Student Sheet 3.3.B: How does the body break down, absorb, and use proteins?
Student Sheet 3.3.C: How can I get all the molecules I need to make body proteins?
Student Sheet 3.3.D: Moving carbohydrates from foods into the body
Student Sheet 3.3.E: Why does drinking milk make some people sick?
Per class
Computer with projector
Markers
1 bottle lactase drops
5 mL of regular cow milk
5 mL of lactose-free cow milk
2 test tubes, with caps, that can hold at least 20 mL of liquid
Test tube rack
2 pipettes
2 index cards
4 glucose test strips (urinalysis test strips, not blood sugar test strips)
Per group
Chart paper
Preparation
Clear a space in your classroom for students to display chart papers.
Test run the lactase activity demonstration with your glucose strips and lactase drops before class. Different brands can perform differently, and you may decide to adjust the timing and quantities of milk and lactase drops accordingly.
Make copies of student sheets.
ADDITIONAL CONTENT BACKGROUND FOR THE TEACHER
While we often think of food as providing energy, which it does, food also provides the very matter that makes up our bodies as we grow, develop, and maintain all the structures making up our bodies. Aside from water, our bodies are mostly made of proteins, fats, and carbohydrates. Similarly, plant- and animal-based foods are mostly made up of proteins, fats, and carbohydrates, but not the exact same ones needed to make a human body. When we consume foods, chemical reactions occur that break these large molecules down into smaller subunits, which our bodies can then flexibly combine to create exactly the molecules it needs to live, grow, and repair.
NAVIGATE
PURPOSE | To maintain coherence and continuity
Students prepare science notebooks for class.
Students should turn to a new page in their science notebooks and write a heading that includes the date and “Lesson 3.”
Students review their ideas from the previous lesson.
Display Slide A. Ask students to consider the ideas and questions we came up with in the last lesson. You might encourage students to look back in their science notebooks.
Students share their initial ideas about how food molecules become part of our body.
Display Slide B. Remind students that in Lesson 2, we figured out that food was made of different large molecules (macromolecules) and that some atoms from food are incorporated into our bodies. We wondered how atoms from food molecules became part of our bodies. Ask students to briefly discuss their initial ideas with a partner.
Students co-construct the lesson question.
Based on the preceding discussion, ask students what they think will be important to figure out next. Using their language, capture a question that is similar to: How does some matter from our food become part of our bodies? and write the question on a whiteboard or other publicly visible space. Have students open their science notebooks to a new page and write the date and “Lesson 3,” then record the lesson question on that page.
Students consider how a single-food diet can provide the necessary matter to support human growth and development.
Display Slide C. Remind students that in the Anchor Lesson, we noticed that people eat a wide variety of different foods. So how and why do humans begin life on a single-food diet: milk? Can this tell us anything about what we need from food and how we use it?
GATHER EVIDENCE
PURPOSE | To plan and carry out evidence gathering tasks
Students gather evidence about how a bottle of milk can provide all the matter needed by a growing infant.
Display Slide D. Hand out a copy of Student Sheet 3.3.A: How does a bottle of milk transform into a baby’s body? to each student.
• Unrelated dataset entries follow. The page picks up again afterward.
lemma card_cross_meeting_le:
  fixes S :: "('a \<times> 'b) set"
  assumes fin: "finite A" "finite B" and S: "S \<subseteq> A \<times> B"
    and symA: "\<And>x y. mA x y \<longleftrightarrow> mA y x" and symB: "\<And>x y. mB x y \<longleftrightarrow> mB y x"
    and cross: "\<And>a b a' b'. (a, b) \<in> S \<Longrightarrow> (a', b') \<in> S \<Longrightarrow> mA a a' \<or> mB b b'"
    and expA: "expansion_bound A mA sA" and expB: "expansion_bound B mB sB"
  shows "card S \<le> max (sA * card B) (sB * card A)"
proof -
  define P where "P = {(a, b)\<in>S. \<forall>a'. (a', b) \<in> S \<longrightarrow> mA a a'}"
  define NP where "NP = {(a', b)\<in>A \<times> B. \<exists>a. (a, b) \<in> P \<and> \<not> mA a a'}"
  define Q where "Q = {(a, b)\<in>S. \<forall>b'. (a, b') \<in> S \<longrightarrow> mB b b'}"
  define NQ where "NQ = {(a, b')\<in>A \<times> B. \<exists>b. (a, b) \<in> Q \<and> \<not> mB b b'}"
  define M where "M = max (sA * card B) (sB * card A)"
  have P: "card P * card A \<le> sA * (card P + card NP)"
    unfolding P_def NP_def by (rule column_clique_bound[OF fin S expA])
  have Q: "card Q * card B \<le> sB * (card Q + card NQ)"
    unfolding Q_def NQ_def by (rule row_clique_bound[OF fin S expB])
  have "S \<subseteq> P \<union> Q"
    unfolding P_def Q_def using cross symA by blast
  moreover have "finite P" "finite Q" using S fin unfolding P_def Q_def by (auto intro: finite_subset)
  ultimately have SPQ: "card S \<le> card P + card Q"
    by (meson card_Un_le card_mono finite_UnI le_trans)
  have "S \<inter> NP = {}" "S \<inter> NQ = {}" unfolding NP_def NQ_def P_def Q_def by auto
  moreover have "NP \<inter> NQ = {}"
    unfolding NP_def NQ_def P_def Q_def using cross symB by blast
  moreover have "finite S" "finite NP" "finite NQ"
    using S fin unfolding NP_def NQ_def by (auto intro: finite_subset)
  ultimately have "card S + card NP + card NQ = card (S \<union> NP \<union> NQ)"
    by (simp add: card_Un_disjoint Int_Un_distrib2)
  also have "\<dots> \<le> card (A \<times> B)"
    using S fin unfolding NP_def NQ_def by (intro card_mono) auto
  finally have "card S + card NP + card NQ \<le> card A * card B"
    by (simp add: card_cartesian_product)
  moreover have "card P * (card A * card B) \<le> M * (card P + card NP)"
    using mult_right_mono[OF P, of "card B"] mult_right_mono[of "sA * card B" M "card P + card NP"]
    unfolding M_def by (simp add: algebra_simps)
  moreover have "card Q * (card A * card B) \<le> M * (card Q + card NQ)"
    using mult_right_mono[OF Q, of "card A"] mult_right_mono[of "sB * card A" M "card Q + card NQ"]
    unfolding M_def by (simp add: algebra_simps)
  ultimately show ?thesis
    using le_of_weighted_bounds SPQ unfolding M_def by blast
qed

lemma comp_disjoint_permutes_apply:
  assumes a: "a permutes X" and b: "b permutes Y" and disj: "X \<inter> Y = {}"
  shows "(a \<circ> b) z = (if z \<in> X then a z else b z)"
proof (cases "z \<in> X")
  case True
  then have "z \<notin> Y" using disj by blast
  then show ?thesis using True permutes_not_in[OF b] by simp
next
  case False
  then have "b z \<notin> X" using disj permutes_in_image[OF b] permutes_not_in[OF b] by (metis disjoint_iff)
  then show ?thesis using False permutes_not_in[OF a] by simp
qed

lemma comp_disjoint_permutes_commute:
  assumes "a permutes X" "b permutes Y" "X \<inter> Y = {}"
  shows "a \<circ> b = b \<circ> a"
proof
  fix z
  have "Y \<inter> X = {}" using assms(3) by blast
  then show "(a \<circ> b) z = (b \<circ> a) z"
    using comp_disjoint_permutes_apply[OF assms] comp_disjoint_permutes_apply[OF assms(2,1)]
      permutes_not_in[OF assms(1)] permutes_not_in[OF assms(2)] assms(3) by auto
qed

lemma comp_disjoint_permutes_eq_iff:
  assumes "a permutes X" "b permutes Y" "a' permutes X" "b' permutes Y" "X \<inter> Y = {}"
  shows "a \<circ> b = a' \<circ> b' \<longleftrightarrow> a = a' \<and> b = b'"
proof
  assume eq: "a \<circ> b = a' \<circ> b'"
  have "a z = a' z \<and> b z = b' z" for z
    using fun_cong[OF eq, of z] comp_disjoint_permutes_apply[OF assms(1,2,5), of z]
      comp_disjoint_permutes_apply[OF assms(3,4,5), of z] assms(5)
      permutes_not_in[OF assms(1)] permutes_not_in[OF assms(2)]
      permutes_not_in[OF assms(3)] permutes_not_in[OF assms(4)]
    by (cases "z \<in> X") (auto simp: disjoint_iff)
  then show "a = a' \<and> b = b'" by auto
qed simp

lemma meets_comp_disjoint_permutes:
  assumes "a permutes X" "b permutes Y" "a' permutes X" "b' permutes Y" "X \<inter> Y = {}"
  shows "meets (X \<union> Y) (a \<circ> b) (a' \<circ> b') \<longleftrightarrow> meets X a a' \<or> meets Y b b'"
  using comp_disjoint_permutes_apply[OF assms(1,2,5)] comp_disjoint_permutes_apply[OF assms(3,4,5)]
    assms(5) unfolding meets_def by auto

lemma inj_on_comp_disjoint_permutes:
  assumes "\<forall>a\<in>A. a permutes X" "\<forall>b\<in>B. b permutes Y" "X \<inter> Y = {}"
  shows "inj_on (\<lambda>(a, b). a \<circ> b) (A \<times> B)"
proof (rule inj_onI)
  fix u v assume "u \<in> A \<times> B" "v \<in> A \<times> B" and eq: "(\<lambda>(a, b). a \<circ> b) u = (\<lambda>(a, b). a \<circ> b) v"
  then obtain a b a' b' where "a \<in> A" "b \<in> B" "a' \<in> A" "b' \<in> B" "u = (a, b)" "v = (a', b')"
    by blast
  with eq show "u = v"
    using comp_disjoint_permutes_eq_iff[of a X b Y a' b'] assms by simp
qed

lemma comp_image_swap:
  assumes "\<forall>a\<in>A. a permutes X" "\<forall>b\<in>B. b permutes Y" "X \<inter> Y = {}"
  shows "(\<lambda>(a, b). a \<circ> b) ` (A \<times> B) = (\<lambda>(b, a). b \<circ> a) ` (B \<times> A)"
proof -
  have commute: "a \<circ> b = b \<circ> a" if "(a, b) \<in> A \<times> B" for a b
    using comp_disjoint_permutes_commute[of a X b Y] assms that by blast
  have "(\<lambda>(a, b). a \<circ> b) ` (A \<times> B) = (\<lambda>(a, b). b \<circ> a) ` (A \<times> B)"
    by (rule image_cong[OF refl]) (metis case_prod_conv commute surj_pair)
  also have "\<dots> = (\<lambda>(b, a). b \<circ> a) ` (B \<times> A)"
    unfolding product_swap[of A B, symmetric] image_image by (simp add: case_prod_unfold)
  finally show ?thesis .
qed

lemma perm_group_on_comp_image:
  assumes grpA: "perm_group_on X A" and grpB: "perm_group_on Y B" and disj: "X \<inter> Y = {}"
  shows "perm_group_on (X \<union> Y) ((\<lambda>(a, b). a \<circ> b) ` (A \<times> B))" (is "perm_group_on _ ?AB")
  unfolding perm_group_on_def
proof (intro conjI ballI)
  note pA = perm_group_on_permutes[OF grpA] and pB = perm_group_on_permutes[OF grpB]
  show "g permutes (X \<union> Y)" if "g \<in> ?AB" for g
    using that permutes_compose[OF permutes_subset[OF pB] permutes_subset[OF pA]] by auto
  show "id \<in> ?AB"
    using grpA grpB unfolding perm_group_on_def by (auto intro!: image_eqI[of id _ "(id, id)"])
  show "g \<circ> h \<in> ?AB" if g: "g \<in> ?AB" and h: "h \<in> ?AB" for g h
  proof -
    obtain a b a' b' where ab: "a \<in> A" "b \<in> B" "a' \<in> A" "b' \<in> B" "g = a \<circ> b" "h = a' \<circ> b'"
      using g h by auto
    then have "g \<circ> h = (a \<circ> a') \<circ> (b \<circ> b')"
      using comp_disjoint_permutes_commute[OF pA[OF ab(3)] pB[OF ab(2)] disj] by (metis comp_assoc)
    then show ?thesis
      using ab perm_group_on_comp[OF grpA] perm_group_on_comp[OF grpB]
      by (auto intro!: image_eqI[of _ _ "(a \<circ> a', b \<circ> b')"])
  qed
  show "inv g \<in> ?AB" if g: "g \<in> ?AB" for g
  proof -
    obtain a b where ab: "a \<in> A" "b \<in> B" "g = a \<circ> b" using g by auto
    then have "inv g = inv b \<circ> inv a"
      using o_inv_distrib[OF permutes_bij[OF pA[OF ab(1)]] permutes_bij[OF pB[OF ab(2)]]] by simp
    also have "\<dots> = inv a \<circ> inv b"
      using comp_disjoint_permutes_commute[OF permutes_inv[OF pA[OF ab(1)]] permutes_inv[OF pB[OF ab(2)]] disj]
      by simp
    finally show ?thesis
      using ab perm_group_on_inv[OF grpA] perm_group_on_inv[OF grpB]
      by (auto intro!: image_eqI[of _ _ "(inv a, inv b)"])
  qed
qed

lemma card_stabilizer_comp_image:
  assumes pA: "\<forall>a\<in>A. a permutes X" and pB: "\<forall>b\<in>B. b permutes Y" and disj: "X \<inter> Y = {}"
    and x: "x \<in> X"
  shows "card (stabilizer ((\<lambda>(a, b). a \<circ> b) ` (A \<times> B)) x) = card (stabilizer A x) * card B"
proof -
  have "b x = x" if "b \<in> B" for b
    using permutes_not_in[of b Y x] pB disj x that by blast
  then have "stabilizer ((\<lambda>(a, b). a \<circ> b) ` (A \<times> B)) x = (\<lambda>(a, b). a \<circ> b) ` (stabilizer A x \<times> B)"
    unfolding stabilizer_def by fastforce
  moreover have "inj_on (\<lambda>(a, b). a \<circ> b) (stabilizer A x \<times> B)"
    using inj_on_comp_disjoint_permutes[OF _ pB disj] pA unfolding stabilizer_def by auto
  ultimately show ?thesis by (simp add: card_image card_cartesian_product)
qed

lemma max_stabilizer_mult_le:
  assumes fin: "finite X" "finite Y" and ne: "X \<noteq> {}"
    and pA: "\<forall>a\<in>A. a permutes X" and pB: "\<forall>b\<in>B. b permutes Y" and disj: "X \<inter> Y = {}"
  shows "Max ((\<lambda>x. card (stabilizer A x)) ` X) * card B
    \<le> Max ((\<lambda>x. card (stabilizer ((\<lambda>(a, b). a \<circ> b) ` (A \<times> B)) x)) ` (X \<union> Y))"
proof -
  have "Max ((\<lambda>x. card (stabilizer A x)) ` X) \<in> (\<lambda>x. card (stabilizer A x)) ` X"
    using fin ne by (intro Max_in) auto
  then obtain x where x: "x \<in> X" and max: "Max ((\<lambda>x. card (stabilizer A x)) ` X) = card (stabilizer A x)"
    by auto
  have "card (stabilizer A x) * card B
    \<in> (\<lambda>x. card (stabilizer ((\<lambda>(a, b). a \<circ> b) ` (A \<times> B)) x)) ` (X \<union> Y)"
    using x card_stabilizer_comp_image[OF pA pB disj x] by (intro rev_image_eqI[of x]) auto
  then show ?thesis
    unfolding max using fin by (intro Max_ge) auto
qed

lemma card_intersecting_comp_image_le:
  assumes fin: "finite X" "finite Y" and ne: "X \<noteq> {}" "Y \<noteq> {}" and disj: "X \<inter> Y = {}"
    and grpA: "perm_group_on X A" and grpB: "perm_group_on Y B"
    and ekrA: "EKR X A" and ekrB: "EKR Y B"
    and S: "S \<subseteq> (\<lambda>(a, b). a \<circ> b) ` (A \<times> B)" "intersecting (X \<union> Y) S"
  shows "card S \<le> max (Max ((\<lambda>x. card (stabilizer A x)) ` X) * card B)
                       (Max ((\<lambda>y. card (stabilizer B y)) ` Y) * card A)"
proof -
  note pA = perm_group_on_permutes[OF grpA] and pB = perm_group_on_permutes[OF grpB]
  define T where "T = {(a, b)\<in>A \<times> B. a \<circ> b \<in> S}"
  have "S = (\<lambda>(a, b). a \<circ> b) ` T" using S(1) unfolding T_def by force
  moreover have "inj_on (\<lambda>(a, b). a \<circ> b) T"
    using inj_on_comp_disjoint_permutes[of A X B Y] pA pB disj
    by (auto simp: T_def intro: inj_on_subset)
  ultimately have "card S = card T" by (simp add: card_image)
  have "\<forall>p\<in>S. \<forall>q\<in>S. meets (X \<union> Y) p q"
    using S intersecting_iff_meets[of S "X \<union> Y"] perm_group_on_comp_image[OF grpA grpB disj]
    unfolding perm_group_on_def by blast
  then have cross: "meets X a a' \<or> meets Y b b'" if "(a, b) \<in> T" "(a', b') \<in> T" for a b a' b'
    using that meets_comp_disjoint_permutes[OF pA pB pA pB disj] unfolding T_def by blast
  have "card T \<le> max (Max ((\<lambda>x. card (stabilizer A x)) ` X) * card B)
                      (Max ((\<lambda>y. card (stabilizer B y)) ` Y) * card A)"
    using perm_group_on_finite[OF grpA fin(1)] perm_group_on_finite[OF grpB fin(2)]
    by (rule card_cross_meeting_le[OF _ _ _ meets_sym meets_sym cross
          expansion_bound_if_EKR[OF grpA ekrA fin(1) ne(1)]
          expansion_bound_if_EKR[OF grpB ekrB fin(2) ne(2)]])
      (auto simp: T_def)
  with \<open>card S = card T\<close> show ?thesis by simp
qed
Ask students to consider the prompt and Scientific Purpose for Reading as they read. Remind students that they are familiar with different reading strategies such as the Annotation Stems, Close Reading Protocol, and I2 strategy. Suggest that they consider if one or more of the strategies will support them as we gather evidence from this and other resources today.
Students discuss what they noticed from the text with a partner.
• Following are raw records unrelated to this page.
(* Let $(X,d)$ be a complete metric space and $\mathcal{S}=(X,(\phi_j)_{j=1}^L,(p_j)_{j=1}^L)$ an IFS with probabilities consisting of Banach contractions, and let $\alpha_\mathcal{S}:=\max\{\mathrm{Lip}(\phi_j):j=1,\dots,L\}$. Let $\varepsilon>0$, $\hat{X}$ a proper $\varepsilon$-net of $X$, $r:X\to\hat{X}$ a Borel measurable $\varepsilon$-projection, and $\hat{\mathcal{S}}:=(\hat{X},(\hat\phi_j)_{j=1}^L,(p_j)_{j=1}^L)$ with $\hat\phi_j:=(r\circ\phi_j)|_{\hat{X}}$. Then for any $\nu\in\mathcal{P}(\hat{X})$ and $n\in\mathbb{N}$, $$d_{MK}\big(e^\sharp(M^n_{\hat{\mathcal{S}}}(\nu)),\mu_\mathcal{S}\big)\le\frac{\varepsilon}{1-\alpha_\mathcal{S}}+\alpha_\mathcal{S}^n\,d_{MK}(e^\sharp(\nu),\mu_\mathcal{S}),$$ where $\mu_\mathcal{S}$ is the Hutchinson measure of $\mathcal{S}$. In particular, there is $n_0\in\mathbb{N}$ such that for every $n\ge n_0$, $d_{MK}(e^\sharp(M^n_{\hat{\mathcal{S}}}(\nu)),\mu_\mathcal{S})\le\frac{2\varepsilon}{1-\alpha_\mathcal{S}}$.
   Context: An IFS with probabilities is $(X,(\phi_j)_{j=1}^L,(p_j)_{j=1}^L)$ with continuous $\phi_j:X\to X$ and $p_j>0$, $\sum p_j=1$; a Banach contraction is a map with Lipschitz constant $<1$. $\mathcal{P}(Y)$: Borel probability measures on $Y$ with compact support. $w^\sharp\mu(B)=\mu(w^{-1}(B))$. The Markov operator is $M_\mathcal{S}(\mu)=\sum_j p_j\phi_j^\sharp\mu$ on $\mathcal{P}(X)$, and $M_{\hat{\mathcal{S}}}(\nu)=\sum_j p_j\hat\phi_j^\sharp\nu$ on $\mathcal{P}(\hat X)$. $d_{MK}(\mu,\nu)=\sup\{|\int f d\mu-\int f d\nu|:f:X\to\mathbb{R},\ \mathrm{Lip}(f)\le1\}$. The Hutchinson measure $\mu_\mathcal{S}$ is the unique $\mu_\mathcal{S}\in\mathcal{P}(X)$ with $M_\mathcal{S}(\mu_\mathcal{S})=\mu_\mathcal{S}$ (and $M^k_\mathcal{S}(\mu)\to\mu_\mathcal{S}$ in $d_{MK}$ for every $\mu$). $e:\hat X\to X$ is the inclusion, so $e^\sharp\nu(B)=\nu(B\cap\hat X)$. $\hat X$ is an $\varepsilon$-net if every $x\in X$ is within $\varepsilon$ of some point of $\hat X$; proper if $D\cap\hat X$ is finite for every bounded $D$. $r$ is an $\varepsilon$-projection if $r|_{\hat X}=\mathrm{id}$ and $d(x,r(x))\le\varepsilon$ for all $x$. *)

theory Defs
  imports "HOL-Probability.Probability"
begin

definition lip_const :: "('a::metric_space \<Rightarrow> 'b::metric_space) \<Rightarrow> real" where
  "lip_const f = Inf {C. 0 \<le> C \<and> C-lipschitz_on UNIV f}"

definition banach_contraction :: "('a::metric_space \<Rightarrow> 'a) \<Rightarrow> bool" where
  "banach_contraction f \<longleftrightarrow> (\<exists>C<1. C-lipschitz_on UNIV f)"

text \<open>P(Y): Borel probability measures on the subspace Y having compact support
  (i.e. concentrated on a compact subset of Y).\<close>
definition probs_cs :: "'a::metric_space set \<Rightarrow> 'a measure set" where
  "probs_cs Y = {M. sets M = sets (restrict_space borel Y) \<and> space M = Y \<and> prob_space M \<and>
      (\<exists>K. compact K \<and> K \<subseteq> Y \<and> emeasure M K = 1)}"

definition markov_op :: "nat \<Rightarrow> (nat \<Rightarrow> real) \<Rightarrow> (nat \<Rightarrow> 'a \<Rightarrow> 'a) \<Rightarrow> 'a measure \<Rightarrow> 'a measure" where
  "markov_op L p f \<mu> = measure_of (space \<mu>) (sets \<mu>)
      (\<lambda>A. \<Sum>j<L. ennreal (p j) * emeasure (distr \<mu> \<mu> (f j)) A)"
Display Slide E. Ask students to briefly discuss the prompts with an elbow partner.
Ask partners to share their ideas and questions about how a bottle of milk becomes a baby. Listen for student ideas such as:
Milk is made of many different things.
Milk contains components that support a baby’s development, like sugars, proteins, and fats.
Milk has many types of things in it, but a baby’s body has even more types of things.
The types of molecules in a baby are different from the molecules in milk.
Babies can meet their food needs from milk for a while, but eventually they run low on micronutrients (iron) and need other foods.
Use students’ language to navigate to the next investigation, similar to: So, how do the components in milk become a much larger number of types of molecules in a baby’s body?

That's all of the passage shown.